Q.: With this therapeutic individualization, have any advantages been identified regarding prognosis?
A.: No beneficial effects have been confirmed regarding prognosis in mortality or myocardial infarction. However, fewer events of angina pectoris have been reported leading to a better quality of life, which is essential in these patients. The CorMicA trial10 confirmed that an invasive study of coronary physiology in patients with chest pain and without obstructive coronary artery disease could identify 3 different groups (vasospastic angina pectoris, microvascular angina pectoris, and noncardiac chest pain). Also, that a specific medical strategy for each specific group reduced the occurrence of angina pectoris.
FUNDING
None whatsoever.
CONFLICTS OF INTEREST
None reported.
REFERENCES
1. Arbogast R, Bourassa MG. Myocardial function during atrial pacing in patients with angina pectoris and normal coronary arteriograms. Comparison with patients having significant coronary artery disease. Am J Cardiol. 1973;32:257-263.
2. Lee BK, Lim HS, Fearon WF, et al. Invasive evaluation of patients with angina in the absence of obstructive coronary artery disease. Circulation. 2015;131:1054-1060.
3. Kunadian V, Chieffo A, Camici PG, et al. An EAPCI Expert Consensus Document on Ischaemia with Non-Obstructive Coronary Arteries in Collaboration with European Society of Cardiology Working Group on Coronary Pathophysiology &Microcirculation Endorsed by Coronary Vasomotor Disorders International Study Group. Eur Heart J. 2020;41:3504-3520.

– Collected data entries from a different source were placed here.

(* Let $\psi\in\mathbf{\Psi}_n$, and $\nu:=(\nu_1,\ldots,\nu_n)\in\mathbb{R}^n$ with $|\!|\!|\nu|\!|\!|_\psi=1$. Then $$\partial|\!|\!|\cdot|\!|\!|_{\psi}(\nu)=\big\{(\tau_1\gamma_1,\ldots,\tau_n\gamma_n)\in\mathbb{R}^n \mid \mu\in\partial\psi(t),\ \gamma_i:=\psi(t)+\langle \mu,\mathbf{e}_i-t\rangle\ge 0,\ \tau_i:={\rm sgn}(\nu_i)\ \text{if}\ \nu_i\ne 0\ \text{and}\ \tau_i\in\{-1,1\}\ \text{if}\ \nu_i=0\ (i=1,\ldots,n)\big\},$$ where $t:=\Big(\frac{|\nu_1|}{\sum_{i=1}^{n}|\nu_i|},\ldots,\frac{|\nu_n|}{\sum_{i=1}^{n}|\nu_i|}\Big)$.
   Context: $\Omega_n:=\{t\in\mathbb{R}^n\mid t_i\ge0,\ \sum_i t_i=1\}$, $\Omega_n^\circ:=\{t\in\Omega_n\mid t_i<1\ \forall i\}$, $\mathbf{e}_i$ the standard unit vectors. $\mathbf{\Psi}_n$ is the class of convex continuous $\psi:\Omega_n\to\mathbb{R}$ with (B1) $\psi(\mathbf{e}_i)=1$ for all $i$ and (B2) $\psi(t)\ge(1-t_i)\psi\big(\frac{t_1}{1-t_i},\ldots,\frac{t_{i-1}}{1-t_i},0,\frac{t_{i+1}}{1-t_i},\ldots,\frac{t_n}{1-t_i}\big)$ for all $t\in\Omega_n^\circ$, $i=1,\ldots,n$. Here $|\!|\!|\cdot|\!|\!|_\psi$ is the norm on $\mathbb{R}^n$ given by $|\!|\!|\nu|\!|\!|_\psi:=\big(\sum_i|\nu_i|\big)\psi\big(\frac{|\nu_1|}{\sum_i|\nu_i|},\ldots,\frac{|\nu_n|}{\sum_i|\nu_i|}\big)$ for $\nu\ne0$ and $0$ at $0$. $\partial$ denotes the convex subdifferential (for $\psi$, the subdifferential of the convex function on $\Omega_n$); ${\rm sgn}$ is the sign function. *)

theory Defs
  imports "HOL-Analysis.Analysis"
begin

definition simplex_Omega :: "(real ^ 'n) set" where
  "simplex_Omega = {t. (\<forall>i. t $ i \<ge> 0) \<and> (\<Sum>i\<in>UNIV. t $ i) = 1}"

definition simplex_Omega_int :: "(real ^ 'n) set" where
  "simplex_Omega_int = {t \<in> simplex_Omega. \<forall>i. t $ i < 1}"

definition Psi_class :: "((real ^ 'n) \<Rightarrow> real) set" where
  "Psi_class = {\<psi>. convex_on simplex_Omega \<psi> \<and> continuous_on simplex_Omega \<psi>
      \<and> (\<forall>i. \<psi> (axis i 1) = 1)
      \<and> (\<forall>t\<in>simplex_Omega_int. \<forall>i.
            \<psi> t \<ge> (1 - t $ i) * \<psi> (\<chi> j. if j = i then 0 else t $ j / (1 - t $ i)))}"
(* Let $\epsilon\in(0,1)$, let $K\ge1$, and let $T\ge2$ be an integer. Let $\bar A=[\bar a,\bar b)\times[0,\infty)$ with integers $\bar a<\bar b$. Let $\bar{\mathcal{W}}$ be a finite set of rows of an RCP instance such that every row $W\in\bar{\mathcal{W}}$ spans $\bar A$, i.e., there exist $R,R'\in W$ with $\mathrm{left}(R)\le\bar a$ and $\mathrm{right}(R')\ge\bar b$. For a real $c'>0$ and an integer $p'$, let $\bar{\mathcal{W}}^{c',p'}$ be the set of rows $W\in\bar{\mathcal{W}}$ whose leftmost rectangle $R$ satisfies $c(R)=c'$ and $(1+\epsilon)^{p'}\le p(R)<(1+\epsilon)^{p'+1}$. Let $\mathcal{G}$ be any set of pairs $(c',p')$ containing every pair with $\bar{\mathcal{W}}^{c',p'}\neq\emptyset$. Let $\bar S\subseteq\bigcup_{W\in\bar{\mathcal{W}}}W$ contain a prefix of each row $W\in\bar{\mathcal W}$ (if $R\in\bar S\cap W$ then every $R'\in W$ with $\mathrm{right}(R')\le\mathrm{left}(R)$ is in $\bar S$), and let $\bar n^{c',p'}:=|\{W\in\bar{\mathcal{W}}^{c',p'}:W\cap\bar S\ne\emptyset\}|$. Then there exists a step function $\bar f:\bar A\to\{0,1,\dots,\sum_{R}p(R)\}$ with $O((K|\mathcal{G}|\log T/\epsilon)^2)$ steps such that for all integers $t,s$ with $(t,s)\in\bar A$, $$\bar f(t,s)\le\sum_{R\in\bar S:R\cap L(s,t)\ne\emptyset}p(R)\le\bar f(t,s)+\sum_{(c',p')}(1+\epsilon)^{p'}\left\lfloor\frac{\epsilon}{2K\log T}\bar n^{c',p'}\right\rfloor,$$ where the last sum ranges over all pairs $(c',p')$ for which some rectangle in some row of $\bar{\mathcal{W}}^{c',p'}$ intersects $L(s,t)$.
   Context: RCP rectangles and rows: each rectangle is $R=[a,b)\times[j,j+1)$ with $a<b$, $a,b,j\in\mathbb{N}_0$, $\mathrm{left}(R)=a$, $\mathrm{right}(R)=b$, cost $c(R)>0$ and value $p(R)>0$; rectangles are pairwise disjoint; the rectangles with the same $j$ form a row, all rectangles of a row have the same value and are consecutive along the $x$-axis (no gaps). The ray $L(s,t)$ for $s,t\in\mathbb{N}_0$ is $\{t\}\times(-\infty,s]$; a rectangle $[a,b)\times[j,j+1)$ intersects $L(s,t)$ iff $a\le t<b$ and $j\le s$. A step function on $\bar A$ with $k$ steps is a function for which there is a partition of $\bar A$ into $k$ axis-parallel rectangles of the form $[x^L,x^R)\times[y^B,y^T)$ (with $x^L,x^R,y^B\in\mathbb{N}_0$, $y^T\in\mathbb{N}_0\cup\{\infty\}$) on each of which the function is constant. The sum $\sum_R p(R)$ in the codomain is over all rectangles of the rows in $\bar{\mathcal W}$. *)

theory Defs
  imports Complex_Main
begin

text \<open>A rectangle [left, right) x [ypos, ypos+1) with cost and (integer) value.\<close>
record rect =
  left :: nat
  right :: nat
  ypos :: nat
  cost :: real
  val :: nat

definition row_of :: "rect set \<Rightarrow> nat \<Rightarrow> rect set" where
  "row_of I j = {R \<in> I. ypos R = j}"

definition rows :: "rect set \<Rightarrow> rect set set" where
  "rows I = {W. \<exists>j. W = row_of I j \<and> W \<noteq> {}}"

definition rcp_instance :: "rect set \<Rightarrow> bool" where
  "rcp_instance I \<longleftrightarrow> finite I
    \<and> (\<forall>R\<in>I. left R < right R \<and> cost R > 0 \<and> val R > 0)
    \<and> (\<forall>R\<in>I. \<forall>R'\<in>I. R \<noteq> R' \<longrightarrow>
          ypos R \<noteq> ypos R' \<or> right R \<le> left R' \<or> right R' \<le> left R)
    \<and> (\<forall>W\<in>rows I. \<forall>R\<in>W. \<forall>R'\<in>W. val R = val R')
    \<and> (\<forall>W\<in>rows I. \<forall>x::nat. (\<exists>R\<in>W. left R \<le> x) \<and> (\<exists>R\<in>W. x < right R)
          \<longrightarrow> (\<exists>R\<in>W. left R \<le> x \<and> x < right R))"

text \<open>R intersects the ray L(s,t) = {t} x (-inf, s].\<close>
definition hits_ray :: "rect \<Rightarrow> nat \<Rightarrow> nat \<Rightarrow> bool" where
  "hits_ray R s t \<longleftrightarrow> left R \<le> t \<and> t < right R \<and> ypos R \<le> s"

text \<open>Axis-parallel boxes [xL,xR) x [yB,yT), yT = None meaning infinity.\<close>
type_synonym box = "nat \<times> nat \<times> nat \<times> nat option"

definition in_box :: "nat \<times> nat \<Rightarrow> box \<Rightarrow> bool" where
  "in_box pt B = (case B of (xL, xR, yB, yT) \<Rightarrow>
      xL \<le> fst pt \<and> fst pt < xR \<and> yB \<le> snd pt
      \<and> (case yT of None \<Rightarrow> True | Some yt \<Rightarrow> snd pt < yt))"

text \<open>f is a step function on [a,b) x [0,inf) with k steps (integer corners, so it
  suffices to consider lattice points).\<close>
definition step_function_on :: "nat \<Rightarrow> nat \<Rightarrow> (nat \<times> nat \<Rightarrow> 'v) \<Rightarrow> nat \<Rightarrow> bool" where
  "step_function_on a b f k \<longleftrightarrow> (\<exists>Bs::box list. length Bs = k
     \<and> (\<forall>B\<in>set Bs. \<forall>pt. in_box pt B \<longrightarrow> a \<le> fst pt \<and> fst pt < b)
     \<and> (\<forall>x y. a \<le> x \<and> x < b \<longrightarrow> (\<exists>!i. i < k \<and> in_box (x, y) (Bs ! i)))
     \<and> (\<forall>i<k. \<forall>p q. in_box p (Bs ! i) \<longrightarrow> in_box q (Bs ! i) \<longrightarrow> f p = f q))"

definition row_class :: "real \<Rightarrow> rect set set \<Rightarrow> real \<Rightarrow> int \<Rightarrow> rect set set" where
  "row_class eps Ws c' p' = {W \<in> Ws. \<exists>R\<in>W. (\<forall>R'\<in>W. left R \<le> left R')
      \<and> cost R = c' \<and> (1 + eps) powr (real_of_int p') \<le> real (val R)
      \<and> real (val R) < (1 + eps) powr (real_of_int p' + 1)}"

end

theory Submission
  imports Defs
begin
text \<open>The cycle closed at the end is \<open>d\<^sub>1 s\<^sub>1 y d\<^sub>2 s\<^sub>2 y'\<close>, where \<open>s\<^sub>i\<close> dominates \<open>d\<^sub>i\<close>.\<close>
lemma dominator_not_adjacent_to_S_star:
  assumes S: "S \<subseteq> N2" "independent E S"
    and cover: "\<forall>d' \<in> D. \<exists>s' \<in> S. s' \<in> H \<and> E s' d'"
    and s: "s \<in> S" "E x d" "E s d"
    and t: "t \<in> S_star" "\<not> E t d" "E s t"
  shows False
proof -
  have indep: "\<not> E u v" if "u \<in> S" "v \<in> S" for u v
    using S(2) that unfolding independent_def by blast
  obtain d1 d2 where dd: "d1 \<in> D" "d2 \<in> D" "d1 \<noteq> d2" "E t d1" "E t d2"
    using S_star_two_D_neighbours[OF t(1)] by blast
  have dx: "E x d1" "E x d2" using dd mem_D by auto
  have "t \<in> N2" "s \<in> N2" using t(1) mem_S_star s(1) S(1) by auto
  obtain s1 where s1: "s1 \<in> S" "s1 \<in> H" "E s1 d1" using cover dd by blast
  obtain s2 where s2: "s2 \<in> S" "s2 \<in> H" "E s2 d2" using cover dd by blast
  have "s1 \<in> N2" "s1 \<notin> VA" "s1 \<noteq> t" "s2 \<in> N2" "s2 \<notin> VA" "s2 \<noteq> t"
    using s1 s2 S(1) mem_H indep[OF s(1)] t(3) by auto
  obtain y where y: "y \<in> N2" "E s1 y" "E y d2" "y \<noteq> s" "y \<noteq> t" and "\<not> E s1 d2"
    using dominator_two_path[OF s(2) dx dd(3) \<open>t \<in> N2\<close> dd(4,5) t(2) \<open>s \<in> N2\<close> s(3) t(3)
        \<open>s1 \<in> N2\<close> \<open>s1 \<notin> VA\<close> s1(3) \<open>s1 \<noteq> t\<close>] by blast
  obtain y' where y': "y' \<in> N2" "E s2 y'" "E y' d1" and "\<not> E s2 d1"
    using dominator_two_path[OF s(2) dx(2,1) dd(3)[symmetric] \<open>t \<in> N2\<close> dd(5,4) t(2) \<open>s \<in> N2\<close>
        s(3) t(3) \<open>s2 \<in> N2\<close> \<open>s2 \<notin> VA\<close> s2(3) \<open>s2 \<noteq> t\<close>] by blast
  have "y \<noteq> y'"
  proof
    assume "y = y'"
    have "distinct [x, d, s, t, d1, y, d2]"
      using y \<open>t \<in> N2\<close> \<open>s \<in> N2\<close> dx dd s t N2_far_from_root by (auto dest: edge_sym)
    then show False using no_C7 \<open>y = y'\<close> y y' dx s t dd edge_sym by metis
  qed
  moreover have "s1 \<noteq> s2" "y \<noteq> s2" "y' \<noteq> s1"
    using s1 \<open>\<not> E s2 d1\<close> indep y y' s2 edge_sym by blast+
  ultimately have "distinct [d1, s1, y, d2, s2, y']"
    using s1 s2 y y' dx dd(3) \<open>s1 \<in> N2\<close> \<open>s2 \<in> N2\<close> N2_far_from_root by (auto dest: edge_sym)
  then show False using no_C6 s1 s2 y y' edge_sym by metis
qed

lemma H_subset_V: "H \<subseteq> V" using mem_H by blast

lemma H_star_subset_H: "H_star \<subseteq> H" using mem_H_star by blast

lemma root_in_H: "x \<in> H"
proof -
  have "x \<notin> VA" using VA_subset_N2 N2_far_from_root by blast
  moreover have "\<not> E a x" if "a \<in> VA" for a using that VA_subset_N2 N2_far_from_root edge_sym by blast
  ultimately show ?thesis using mem_H root_in_V by blast
qed

lemma S_star_subset_N2: "S_star \<subseteq> N2" using mem_S_star by blast

lemma root_in_H_star: "x \<in> H_star"
proof -
  have "x \<notin> S_star" "\<forall>t \<in> S_star. \<not> E t x"
    using S_star_subset_N2 N2_far_from_root edge_sym by blast+
  then show ?thesis using root_in_H mem_H_star by blast
qed

lemma D_subset_H: "D \<subseteq> H"
proof
  fix d assume "d \<in> D"
  then have "E x d" "\<forall>a \<in> VA. \<not> E a d" using mem_D by auto
  moreover have "d \<notin> VA" using \<open>E x d\<close> VA_subset_N2 N2_far_from_root by blast
  ultimately show "d \<in> H" using mem_H edge_in_V by blast
qed

lemma S_star_subset_H: "S_star \<subseteq> H"
proof
  fix t assume t: "t \<in> S_star"
  then have "t \<in> N2" "t \<notin> VA" using mem_S_star by auto
  moreover obtain d where "E t d" using S_star_two_D_neighbours[OF t] by metis
  moreover have "\<forall>a \<in> VA. \<not> E a t" using \<open>t \<in> N2\<close> \<open>t \<notin> VA\<close> VA_closed by blast
  moreover have "\<exists>u. E x u \<and> E u t" using \<open>t \<in> N2\<close> mem_N2 by blast
  ultimately show "t \<in> H" unfolding mem_H using edge_in_V by blast
qed

lemma nbhd_2_root:
  assumes "W \<subseteq> V" "x \<in> W"
  shows "v \<in> nbhd W E {x} 2 \<longleftrightarrow> v \<in> W \<and> v \<noteq> x \<and> \<not> E x v \<and> (\<exists>u \<in> W. E x u \<and> E u v)"
  using nbhd_2_singleton[of x W E] assms by simp

lemma not_extendable_Hx_if_not_extendable_Hstarx:
  assumes indep: "independent E S_star" and "\<not> extendable H_star E x"
  shows "\<not> extendable H E x"
proof -
  have H_star_V: "H_star \<subseteq> V" using H_star_subset_H H_subset_V by blast
  obtain S where S: "S \<subseteq> nbhd H_star E {x} 2" "independent E S"
    and cover: "\<forall>v \<in> H_star. E x v \<longrightarrow> v \<in> S \<or> (\<exists>s \<in> S. E s v)"
    using assms(2) not_extendable_iff[of x H_star E, OF root_in_H_star no_loop] by blast
  have "S \<union> S_star \<subseteq> nbhd H E {x} 2"
  proof
    fix v assume "v \<in> S \<union> S_star"
    then show "v \<in> nbhd H E {x} 2"
    proof
      assume "v \<in> S"
      then show ?thesis
        using S(1) nbhd_2_singleton_mono[of x H_star H E, OF root_in_H_star H_star_subset_H] by auto
    next
      assume v: "v \<in> S_star"
      then obtain d where "d \<in> D" "E v d" using S_star_two_D_neighbours by metis
      then have "d \<in> H" "E x d" "E d v" using D_subset_H mem_D edge_sym by auto
      moreover have "v \<in> H" "v \<noteq> x" "\<not> E x v" using v S_star_subset_H S_star_subset_N2 N2_far_from_root by auto
      ultimately show ?thesis unfolding nbhd_2_root[OF H_subset_V root_in_H] by blast
    qed
  qed
  moreover have "independent E (S \<union> S_star)"
  proof -
    have "S \<subseteq> H_star" using S(1) nbhd_2_root[OF H_star_V root_in_H_star] by blast
    then have "\<not> E u t \<and> \<not> E t u" if "u \<in> S" "t \<in> S_star" for u t
      using that mem_H_star edge_sym by blast
    then show ?thesis using S(2) indep unfolding independent_def by blast
  qed
  moreover have "\<forall>v \<in> H. E x v \<longrightarrow> v \<in> S \<union> S_star \<or> (\<exists>s \<in> S \<union> S_star. E s v)"
  proof (intro ballI impI)
    fix v assume "v \<in> H" "E x v"
    show "v \<in> S \<union> S_star \<or> (\<exists>s \<in> S \<union> S_star. E s v)"
    proof (cases "\<exists>t \<in> S_star. E t v")
      case False
      moreover have "v \<notin> S_star" using \<open>E x v\<close> S_star_subset_N2 N2_far_from_root by blast
      ultimately have "v \<in> H_star" using \<open>v \<in> H\<close> mem_H_star by blast
      then show ?thesis using cover \<open>E x v\<close> by blast
    qed blast
  qed
  ultimately show ?thesis using not_extendable_iff[of x H E, OF root_in_H no_loop] by blast
qed

lemma not_extendable_Hstarx_if_not_extendable_Hx:
  assumes "\<not> extendable H E x"
  shows "\<not> extendable H_star E x"
proof -
  have H_star_V: "H_star \<subseteq> V" using H_star_subset_H H_subset_V by blast
  obtain S where S: "S \<subseteq> nbhd H E {x} 2" "independent E S"
    and cover: "\<forall>v \<in> H. E x v \<longrightarrow> v \<in> S \<or> (\<exists>s \<in> S. E s v)"
    using assms not_extendable_iff[of x H E, OF root_in_H no_loop] by blast
  have S_H: "s \<in> H \<and> s \<noteq> x \<and> \<not> E x s \<and> (\<exists>u. E x u \<and> E u s)" if "s \<in> S" for s
    using S(1) that nbhd_2_root[OF H_subset_V root_in_H] by blast
  then have S_N2: "S \<subseteq> N2" "S \<subseteq> H" "\<forall>s \<in> S. \<not> E x s"
    using mem_N2 by blast+
  have dominated: "\<exists>s \<in> S. E s v" if "v \<in> H" "E x v" for v
    using cover that S_N2(3) by blast
  have cover_D: "\<forall>d \<in> D. \<exists>s \<in> S. s \<in> H \<and> E s d"
    using dominated D_subset_H mem_D S_N2(2) by blast
  let ?S = "S \<inter> nbhd H_star E {x} 2"
  have "\<exists>s \<in> ?S. E s v" if v: "v \<in> H_star" "E x v" for v
  proof -
    obtain s where s: "s \<in> S" "E s v"
      using dominated v H_star_subset_H by blast
    have v_free: "\<forall>t \<in> S_star. \<not> E t v" using v(1) mem_H_star by blast
    then have "s \<notin> S_star" using s(2) by blast
    moreover have "\<not> E t s" if "t \<in> S_star" for t
      using dominator_not_adjacent_to_S_star[OF S_N2(1) S(2) cover_D s(1) v(2) s(2) that]
        v_free that edge_sym by blast
    ultimately have "s \<in> H_star" using s(1) S_N2(2) mem_H_star by blast
    moreover have "s \<noteq> x" "\<not> E x s" "E v s" using S_H[OF s(1)] s(2) edge_sym by auto
    ultimately have "s \<in> nbhd H_star E {x} 2"
      unfolding nbhd_2_root[OF H_star_V root_in_H_star] using v by blast
    then show ?thesis using s by blast
  qed
  moreover have "independent E ?S" using S(2) unfolding independent_def by blast
  moreover have "?S \<subseteq> nbhd H_star E {x} 2" by blast
  ultimately show ?thesis unfolding not_extendable_iff[of x H_star E, OF root_in_H_star no_loop] by blast
qed

end

theorem lemma2p14:
  fixes V :: "'a set" and E :: "'a \<Rightarrow> 'a \<Rightarrow> bool" and x :: 'a
  assumes "no_C6_C7 V E"
    and "x \<in> V"
    and "independent E (Sstar V E x)"
  shows "extendable (Hx V E x) E x \<longleftrightarrow> extendable (Hstarx V E x) E x"
proof -
  interpret C6_C7_free_rooted V E x using assms(1,2) by unfold_locales
  show ?thesis
    using not_extendable_Hx_if_not_extendable_Hstarx[OF assms(3)]
      not_extendable_Hstarx_if_not_extendable_Hx by blast
qed

end
section \<open>The deterministic forest of f\<close>

lemma funpow_fmap_Suc: "(fmap a w ^^ Suc j) m = (fmap a w ^^ j) m + a ((fmap a w ^^ j) m) w"
  by (simp add: fmap_def)

lemma funpow_fmap_ge:
  assumes "\<And>m. 1 \<le> a m w"
  shows "m + int j \<le> (fmap a w ^^ j) m"
proof (induction j)
  case (Suc j)
  then show ?case using assms[of "(fmap a w ^^ j) m"] funpow_fmap_Suc[of j a w m] by linarith
qed simp

lemma descendants_le:
  assumes "\<And>m. 1 \<le> a m w" and "m \<in> descendants a w x"
  shows "m \<le> x"
proof -
  obtain j where "(fmap a w ^^ j) m = x" using assms(2) by (auto simp: descendants_def)
  then show ?thesis using funpow_fmap_ge[where a=a, OF assms(1), of m j] by simp
qed

lemma self_in_descendants: "x \<in> descendants a w x"
  unfolding descendants_def by (auto intro: exI[of _ 0])

lemma finite_iff_bdd_below_int:
  fixes S :: "int set"
  assumes "S \<subseteq> {..x}"
  shows "finite S \<longleftrightarrow> bdd_below S"
proof
  assume "bdd_below S"
  then obtain l where "\<And>s. s \<in> S \<Longrightarrow> l \<le> s" by (auto simp: bdd_below_def)
  then have "S \<subseteq> {l..x}" using assms by auto
  then show "finite S" using finite_subset by blast
qed (rule bdd_below_finite)

lemma successful_iff_unbounded:
  assumes "\<And>m. 1 \<le> a m w"
  shows "successful a w x \<longleftrightarrow> (\<forall>N. \<exists>m\<in>descendants a w x. m < N)"
proof -
  have "descendants a w x \<subseteq> {..x}" using descendants_le[where a=a, OF assms] by blast
  then show ?thesis
    unfolding successful_def finite_iff_bdd_below_int[OF \<open>_ \<subseteq> _\<close>] bdd_below_def
    by (auto simp: not_le)
qed

lemma ephemeral_iff_not_successful: "ephemeral a w x \<longleftrightarrow> \<not> successful a w x"
  by (simp add: ephemeral_def successful_def)
text \<open>Total complex: an element of Tot^n is a family t with t p \<in> A^{p,n-p} for p \<le> n
and t p = 0 for p > n (direct sum over p+q=n).\<close>
definition Tot :: "('g::topological_group_add \<Rightarrow> 'a::topological_ab_group_add \<Rightarrow> 'a) \<Rightarrow> nat
     \<Rightarrow> (nat \<Rightarrow> (nat \<Rightarrow> 'g) \<Rightarrow> (nat \<Rightarrow> 'g) \<Rightarrow> 'a) set" where
  "Tot act n = {t. (\<forall>p\<le>n. t p \<in> AlcG act p (n - p)) \<and> (\<forall>p>n. t p = 0)}"

definition dTot :: "nat \<Rightarrow> (nat \<Rightarrow> (nat \<Rightarrow> 'g) \<Rightarrow> (nat \<Rightarrow> 'g) \<Rightarrow> 'a::ab_group_add)
     \<Rightarrow> (nat \<Rightarrow> (nat \<Rightarrow> 'g) \<Rightarrow> (nat \<Rightarrow> 'g) \<Rightarrow> 'a)" where
  "dTot n t = (\<lambda>p. if p \<le> Suc n then
       (if 1 \<le> p then dh (p - 1) (Suc n - p) (t (p - 1)) else 0)
     + (if p \<le> n then dv p (n - p) (t p) else 0)
     else 0)"

definition jh :: "nat \<Rightarrow> ((nat \<Rightarrow> 'g) \<Rightarrow> 'a::ab_group_add)
     \<Rightarrow> (nat \<Rightarrow> (nat \<Rightarrow> 'g) \<Rightarrow> (nat \<Rightarrow> 'g) \<Rightarrow> 'a)" where
  "jh n f = (\<lambda>p. if p = 0 then (\<lambda>x y. if x \<in> tuples 0 \<and> y \<in> tuples n then f y else 0) else 0)"

definition cocycles :: "(nat \<Rightarrow> 'c::ab_group_add set) \<Rightarrow> (nat \<Rightarrow> 'c \<Rightarrow> 'c) \<Rightarrow> nat \<Rightarrow> 'c set" where
  "cocycles C d n = {z \<in> C n. d n z = 0}"

definition coboundaries :: "(nat \<Rightarrow> 'c::ab_group_add set) \<Rightarrow> (nat \<Rightarrow> 'c \<Rightarrow> 'c) \<Rightarrow> nat \<Rightarrow> 'c set" where
  "coboundaries C d n = (if n = 0 then {0} else d (n - 1) ` C (n - 1))"

text \<open>The cochain map \<phi> induces an isomorphism H^n(C) \<rightarrow> H^n(C') for every n, where
H^n = cocycles / coboundaries: injectivity (trivial kernel) and surjectivity of the
induced homomorphism, written out.\<close>
definition induces_iso_in_cohomology ::
  "(nat \<Rightarrow> 'c::ab_group_add set) \<Rightarrow> (nat \<Rightarrow> 'c \<Rightarrow> 'c) \<Rightarrow>
   (nat \<Rightarrow> 'e::ab_group_add set) \<Rightarrow> (nat \<Rightarrow> 'e \<Rightarrow> 'e) \<Rightarrow> (nat \<Rightarrow> 'c \<Rightarrow> 'e) \<Rightarrow> bool" where
  "induces_iso_in_cohomology C d C' d' \<phi> \<longleftrightarrow>
     (\<forall>n. (\<forall>z\<in>cocycles C d n. \<phi> n z \<in> cocycles C' d' n) \<and>
          (\<forall>z\<in>cocycles C d n. \<phi> n z \<in> coboundaries C' d' n \<longrightarrow> z \<in> coboundaries C d n) \<and>
          (\<forall>z'\<in>cocycles C' d' n. \<exists>z\<in>cocycles C d n. z' - \<phi> n z \<in> coboundaries C' d' n))"

end

theory Submission
  imports Defs
begin

text \<open>Each row of the double complex (q fixed, differential d_h) is contractible onto its
augmentation C_lc^q: inserting y_0 in front of the horizontal tuple, (h f)(x, y) = f(y_0, x, y),
is a contracting homotopy, and it preserves equivariance and local continuity because y_0 depends
continuously on y and transforms like the other entries. A staircase argument then moves every
total cocycle, modulo coboundaries, into the column p = 0, where d_h-cocycles are exactly the
image of j_h.\<close>

definition alt_sign :: "nat \<Rightarrow> 'a::ab_group_add \<Rightarrow> 'a" where
  "alt_sign i a = (if even i then a else - a)"

lemma altsum_alt_sign: "altsum m h = (\<Sum>i\<le>m. alt_sign i (h i))"
  by (simp add: altsum_def alt_sign_def)

lemma alt_sign_add: "alt_sign i (a + b) = alt_sign i a + alt_sign i b"
  by (simp add: alt_sign_def)

lemma alt_sign_minus: "alt_sign i (- a) = - alt_sign i a"
  by (simp add: alt_sign_def)

lemma alt_sign_zero [simp]: "alt_sign i 0 = 0"
  by (simp add: alt_sign_def)

lemma alt_sign_alt_sign: "alt_sign i (alt_sign j a) = alt_sign (i + j) a"
  by (auto simp: alt_sign_def)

4. Di Carli MF, Charytan D, McMahon GT, Ganz P, Dorbala S, Schelbert HR. Coronary circulatory function in patients with the metabolic syndrome. J Nucl Med. 2011;52:1369-1377.
5. Panting JR, Gatehouse PD, Yang GZ, et al. Abnormal subendocardial perfusion in cardiac syndrome X detected by cardiovascular magnetic resonance imaging. N Engl J Med. 2002;346:1948-1953.
6. Caiati C, Montaldo C, Zedda N, et al. Validation of a new noninvasive method (contrast-enhanced transthoracic second harmonic echo Doppler) for the evaluation of coronary flow reserve:comparison with intracoronary Doppler flow wire. J Am Coll Cardiol. 1999;34:1193-1200.
7. Hildick-Smith DJ, Maryan R, Shapiro LM. Assessment of coronary flow reserve by adenosine transthoracic echocardiography:validation with intracoronary Doppler. J Am Soc Echocardiogr. 2002;15:984-990.
8. Khav N, Ihdayhid AR, Ko B. CT-Derived Fractional Flow Reserve (CT-FFR) in the Evaluation of Coronary Artery Disease. Heart Lung Circ. 2020;29:1621-1632.
9. Maron DJ, Hochman JS, Reynolds HR, et al.;ISCHEMIA Research Group. Initial Invasive or Conservative Strategy for Stable Coronary Disease. N Engl J Med. 2020;382:1395-1407.
10. Ford TJ, Stanley B, Good R, et al. Stratified Medical Therapy Using Invasive Coronary Function Testing in Angina:The CorMicA Trial. J Am Coll Cardiol. 2018;72:2841-2855.